Monday, August 29, 2011

The Unpainted House





ROAD TO MY BIRTHPLACE

The house where I was born no longer stands.   In 2010 I found the road that led to it.   The present owners of the property have placed a large metal gate across the road and it’s locked, so I didn’t get any closer than that.  While I don’t remember living there, I can recall that we visited it a few times when I was a child.  

It was just an old farmhouse without any paint on the walls.  Daddy was a sharecropper.  Sharecroppers’ houses didn’t have paint on them. I enjoyed reading The Painted House by John Grisham.  Grisham’s book describes life in Northeastern Arkansas during the fifties.   The continuing story line involves a seven-year-old boy who wants to see his mother fulfill her lifelong dream of living in a painted house.  Although we lived in that house in the thirties, I suspect my mother would have been a great deal like the lady in the home – longing for something better, but having to settle for a run down sharecroppers shack.

I was born around 10 o’clock in the evening and sometime after that they settled down to try to get some rest, during the remainder of the night.  My parents were too poor to afford a crib, so they placed me on a pillow by the side of their bed.  According to them, I almost fell off.  My crying woke them up and they rescued me.    That wasn’t the only close call I had during  the first few days of life.     I couldn’t tolerate my mother’s milk nor could I tolerate the milk from our family cow.   There was no formula available in those days, and if there had been, they wouldn’t haven able to afford it.  I was in danger of starving to death.  Infant mortality was high in those days.  My aunt Melba once told me that they were all poor, but my mother and father were poorer than most.

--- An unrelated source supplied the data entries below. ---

lemma integral_inverse_cube_distance_rectangle:
  fixes a b c x1 x2 z1 z2 :: real
  assumes "c > 0" "x1 \<le> x2" "z1 \<le> z2"
  defines "D x z \<equiv> (x - a)\<^sup>2 + (z - b)\<^sup>2 + c\<^sup>2"
  shows "integral {z1..z2} (\<lambda>z. integral {x1..x2} (\<lambda>x. c / (D x z * sqrt (D x z))))
           = rect_solid_angle c (x2 - a) (z2 - b) - rect_solid_angle c (x1 - a) (z2 - b)
             - rect_solid_angle c (x2 - a) (z1 - b) + rect_solid_angle c (x1 - a) (z1 - b)"
proof -
  define \<Omega>' where "\<Omega>' u v = c * u / ((c\<^sup>2 + v\<^sup>2) * sqrt (c\<^sup>2 + u\<^sup>2 + v\<^sup>2))" for u v
  have inner: "integral {x1..x2} (\<lambda>x. c / (D x z * sqrt (D x z))) = \<Omega>' (x2 - a) (z - b) - \<Omega>' (x1 - a) (z - b)"
    for z
  proof -
    have "(z - b)\<^sup>2 + c\<^sup>2 > 0" using assms by (simp add: add_nonneg_pos)
    from has_integral_mult_right[OF has_integral_inverse_cube_distance_line[OF this \<open>x1 \<le> x2\<close>], of c a]
    show ?thesis
      unfolding D_def \<Omega>'_def by (simp add: integral_unique ac_simps right_diff_distrib)
  qed
  have "((\<lambda>z. \<Omega>' (x2 - a) (z - b) - \<Omega>' (x1 - a) (z - b)) has_integral
         (rect_solid_angle c (x2 - a) (z2 - b) - rect_solid_angle c (x1 - a) (z2 - b))
         - (rect_solid_angle c (x2 - a) (z1 - b) - rect_solid_angle c (x1 - a) (z1 - b))) {z1..z2}"
  proof (rule fundamental_theorem_of_calculus[OF \<open>z1 \<le> z2\<close>])
    fix z
    have "((\<lambda>z. z - b) has_real_derivative 1) (at z)"
      by (auto intro!: derivative_eq_intros)
    note chain = DERIV_chain2[OF has_real_derivative_rect_solid_angle[OF \<open>c > 0\<close>] this]
    have "((\<lambda>z. rect_solid_angle c (x2 - a) (z - b) - rect_solid_angle c (x1 - a) (z - b))
           has_real_derivative \<Omega>' (x2 - a) (z - b) - \<Omega>' (x1 - a) (z - b)) (at z)"
      unfolding \<Omega>'_def using DERIV_diff[OF chain chain] by simp
    then show "((\<lambda>z. rect_solid_angle c (x2 - a) (z - b) - rect_solid_angle c (x1 - a) (z - b))
           has_vector_derivative \<Omega>' (x2 - a) (z - b) - \<Omega>' (x1 - a) (z - b)) (at z within {z1..z2})"
      by (simp add: has_real_derivative_iff_has_vector_derivative[symmetric] has_field_derivative_at_within)
  qed
  then show ?thesis
    unfolding inner by (simp add: integral_unique)
qed

lemma gain_p_eq_sum_rect_solid_angle:
  "gain_p Lx Lz r phi theta = 1 / (4 * pi) *
     (\<Sum>s\<in>{1, -1::real}. \<Sum>s'\<in>{1, -1::real}.
        rect_solid_angle (PsiD phi theta) (Lx / (2 * r) + s * PhiD phi theta) (Lz / (2 * r) + s' * ThetaD phi theta))"
  unfolding gain_p_def rect_solid_angle_def Let_def divide_divide_eq_left ..

lemma gain_eq_gain_p:
  assumes "Lx > 0" "Lz > 0" "r > 0" "PsiD phi theta > 0"
  shows "gain Lx Lz k0 r phi theta = gain_p Lx Lz r phi theta"
proof -
  define a b c where "a = r * PhiD phi theta" and "b = r * ThetaD phi theta" and "c = r * PsiD phi theta"
  define X Z where "X s = Lx / (2 * r) + s * PhiD phi theta" and "Z s = Lz / (2 * r) + s * ThetaD phi theta"
    for s :: real
  have c: "c > 0" unfolding c_def using assms by simp
  have corners: "Lx / 2 - a = r * X (-1)" "- Lx / 2 - a = - (r * X 1)"
                "Lz / 2 - b = r * Z (-1)" "- Lz / 2 - b = - (r * Z 1)"
    unfolding a_def b_def X_def Z_def using assms by (simp_all add: field_simps)
  have "gain Lx Lz k0 r phi theta = integral {- Lz / 2..Lz / 2} (\<lambda>z. integral {- Lx / 2..Lx / 2} (\<lambda>x.
          1 / (4 * pi) * (c / (((x - a)\<^sup>2 + (z - b)\<^sup>2 + c\<^sup>2) * sqrt ((x - a)\<^sup>2 + (z - b)\<^sup>2 + c\<^sup>2)))))"
    unfolding gain_def cmod_Qch_squared[OF less_imp_le[OF c[unfolded c_def]]] Dist2_eq_sum_squares
    unfolding a_def b_def c_def by simp
  also have "\<dots> = 1 / (4 * pi) *
      (rect_solid_angle c (Lx / 2 - a) (Lz / 2 - b) - rect_solid_angle c (- Lx / 2 - a) (Lz / 2 - b)
       - rect_solid_angle c (Lx / 2 - a) (- Lz / 2 - b) + rect_solid_angle c (- Lx / 2 - a) (- Lz / 2 - b))"
    unfolding integral_mult_right
    using integral_inverse_cube_distance_rectangle[OF c, of "- Lx / 2" "Lx / 2" "- Lz / 2" "Lz / 2" a b] assms
    by simp
  also have "\<dots> = gain_p Lx Lz r phi theta"
    unfolding gain_p_eq_sum_rect_solid_angle corners c_def rect_solid_angle_minus_left
      rect_solid_angle_minus_right rect_solid_angle_scale[OF \<open>r > 0\<close>]
    unfolding X_def Z_def by simp
  finally show ?thesis .
qed

lemma integral_symmetric_Icc_rescale:
  fixes f :: "real \<Rightarrow> 'a::real_normed_vector"
  assumes "L > 0"
  shows "integral {-L/2..L/2} f = (L / 2) *\<^sub>R integral {-1..1} (\<lambda>t. f (L * t / 2))"
proof -
  have rescale: "((\<lambda>t. f (L * t / 2)) has_integral I /\<^sub>R (L / 2)) {-1..1} \<longleftrightarrow> (f has_integral I) {-L/2..L/2}"
    for I
    using has_integral_affinity_iff[of "L / 2" f 0 I "-L/2" "L/2"] assms by (simp add: mult.commute)
  show ?thesis
  proof (cases "f integrable_on {-L/2..L/2}")
    case True
    then have "((\<lambda>t. f (L * t / 2)) has_integral integral {-L/2..L/2} f /\<^sub>R (L / 2)) {-1..1}"
      using rescale by blast
    then show ?thesis
      using assms by (simp add: integral_unique)
  next
    case False
    have "\<not> (\<lambda>t. f (L * t / 2)) integrable_on {-1..1}"
    proof
      assume "(\<lambda>t. f (L * t / 2)) integrable_on {-1..1}"
      then have "((\<lambda>t. f (L * t / 2)) has_integral
                   ((L / 2) *\<^sub>R integral {-1..1} (\<lambda>t. f (L * t / 2))) /\<^sub>R (L / 2)) {-1..1}"
        using assms by (simp add: integrable_integral)
      with False rescale show False by blast
    qed
    with False show ?thesis
      by (simp add: not_integrable_integral)
  qed
qed

lemma integral_symmetric_rectangle_rescale:
  fixes F :: "real \<Rightarrow> real \<Rightarrow> 'a::real_normed_vector"
  assumes "Lx > 0" "Lz > 0"
  shows "integral {-Lz/2..Lz/2} (\<lambda>z. integral {-Lx/2..Lx/2} (\<lambda>x. F x z))
           = (Lx * Lz / 4) *\<^sub>R integral {-1..1} (\<lambda>t'. integral {-1..1} (\<lambda>t. F (Lx * t / 2) (Lz * t' / 2)))"
proof -
  have "integral {-Lz/2..Lz/2} (\<lambda>z. integral {-Lx/2..Lx/2} (\<lambda>x. F x z))
      = integral {-Lz/2..Lz/2} (\<lambda>z. (Lx / 2) *\<^sub>R integral {-1..1} (\<lambda>t. F (Lx * t / 2) z))"
    by (simp only: integral_symmetric_Icc_rescale[OF assms(1)])
  also have "\<dots> = (Lz / 2) *\<^sub>R integral {-1..1} (\<lambda>t'. (Lx / 2) *\<^sub>R integral {-1..1} (\<lambda>t. F (Lx * t / 2) (Lz * t' / 2)))"
    by (rule integral_symmetric_Icc_rescale[OF assms(2)])
  finally show ?thesis
    by simp
qed

lemma cheb_gauss_iterated:
  "cheb_gauss n (\<lambda>t'. cheb_gauss n (\<lambda>t. F t t'))
     = complex_of_real ((pi / real n)\<^sup>2) *
       (\<Sum>j = 1..n. \<Sum>j' = 1..n.
          complex_of_real (sqrt ((1 - (cheb_node n j)\<^sup>2) * (1 - (cheb_node n j')\<^sup>2)))
          * F (cheb_node n j) (cheb_node n j'))"
  unfolding cheb_gauss_def
  by (subst sum.swap) (simp add: sum_distrib_left real_sqrt_mult power2_eq_square mult_ac)

lemma corr_eq_unit_square_integral:
  assumes "Lx > 0" "Lz > 0"
  shows "corr Lx Lz k0 r1 phi1 theta1 r2 phi2 theta2 =
    complex_of_real (1 / sqrt (gain Lx Lz k0 r1 phi1 theta1 * gain Lx Lz k0 r2 phi2 theta2) * (Lx * Lz / 4)) *
    integral {-1..1} (\<lambda>t'. integral {-1..1} (\<lambda>t.
      cnj (Qch k0 r1 phi1 theta1 (Lx * t / 2) (Lz * t' / 2)) * Qch k0 r2 phi2 theta2 (Lx * t / 2) (Lz * t' / 2)))"
  unfolding corr_def integral_symmetric_rectangle_rescale[OF assms]
  by (simp add: scaleR_conv_of_real mult.assoc)
(* Let $\mathbf{f}:\mathbb{R}^D\times[0,1]\to\mathbb{R}^D$ and $g:[0,1]\to\mathbb{R}$ be sufficiently regular. Let $q_t$ and $p_t$, $t\in[0,1]$, be positive smooth probability densities on $\mathbb{R}^D$, each solving the Fokker–Planck equation $$\partial_t u=\nabla\cdot\Big(\big(\tfrac12 g(t)^2\nabla\log u-\mathbf{f}(\cdot,t)\big)u\Big)$$ of the SDE $\mathrm{d}\mathbf{z}=\mathbf{f}(\mathbf{z},t)\mathrm{d}t+g(t)\mathrm{d}\mathbf{w}$. Assume enough decay and regularity that differentiation under the integral sign and integration by parts with vanishing boundary terms are valid; for instance, $\log q_t,\log p_t$ smooth with at most polynomial growth at infinity suffices. Assume $q_1=p_1$. Then $$-\int q_0\log p_0\,d\mathbf{z}=\mathcal{H}(q_1)+\int_0^1\mathbb{E}_{\mathbf{z}\sim q_t}\Big[\tfrac12 g(t)^2\|\nabla\log p_t(\mathbf{z})\|_2^2+\mathbf{f}(\mathbf{z},t)^\top\nabla\log q_t(\mathbf{z})-g(t)^2\,\nabla\log q_t(\mathbf{z})^\top\nabla\log p_t(\mathbf{z})\Big]dt,$$ where $\mathcal{H}(q_1)=-\int q_1\log q_1$ is the differential entropy. *)

theory Defs
  imports "HOL-Analysis.Analysis"
begin

definition partial :: "('a::euclidean_space \<Rightarrow> real) \<Rightarrow> 'a \<Rightarrow> 'a \<Rightarrow> real" where
  "partial \<phi> i x = frechet_derivative \<phi> (at x) i"

definition grad :: "('a::euclidean_space \<Rightarrow> real) \<Rightarrow> 'a \<Rightarrow> 'a" where
  "grad \<phi> x = (\<Sum>i\<in>Basis. partial \<phi> i x *\<^sub>R i)"

definition divg :: "('a::euclidean_space \<Rightarrow> 'a) \<Rightarrow> 'a \<Rightarrow> real" where
  "divg V x = (\<Sum>i\<in>Basis. partial (\<lambda>y. V y \<bullet> i) i x)"

definition fp_flux :: "(real \<Rightarrow> real) \<Rightarrow> ('a::euclidean_space \<Rightarrow> real \<Rightarrow> 'a)
    \<Rightarrow> ('a \<Rightarrow> real \<Rightarrow> real) \<Rightarrow> 'a \<Rightarrow> real \<Rightarrow> 'a" where
  "fp_flux g f u z t = u z t *\<^sub>R (((g t)^2 / 2) *\<^sub>R grad (\<lambda>y. ln (u y t)) z - f z t)"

They did have farm animals, which included milk cows.  My grandparents also had  a milk cow or two, so they tried milk from their cows.  Whether my body got strong enough to accept cow’s milk or whether they found the right cow, I’ll never know.  I do know that I was finally able to drink the milk from my grandfather’s cow, so they simply traded cows.   Just think I’m probably alive today because of a cattle trade.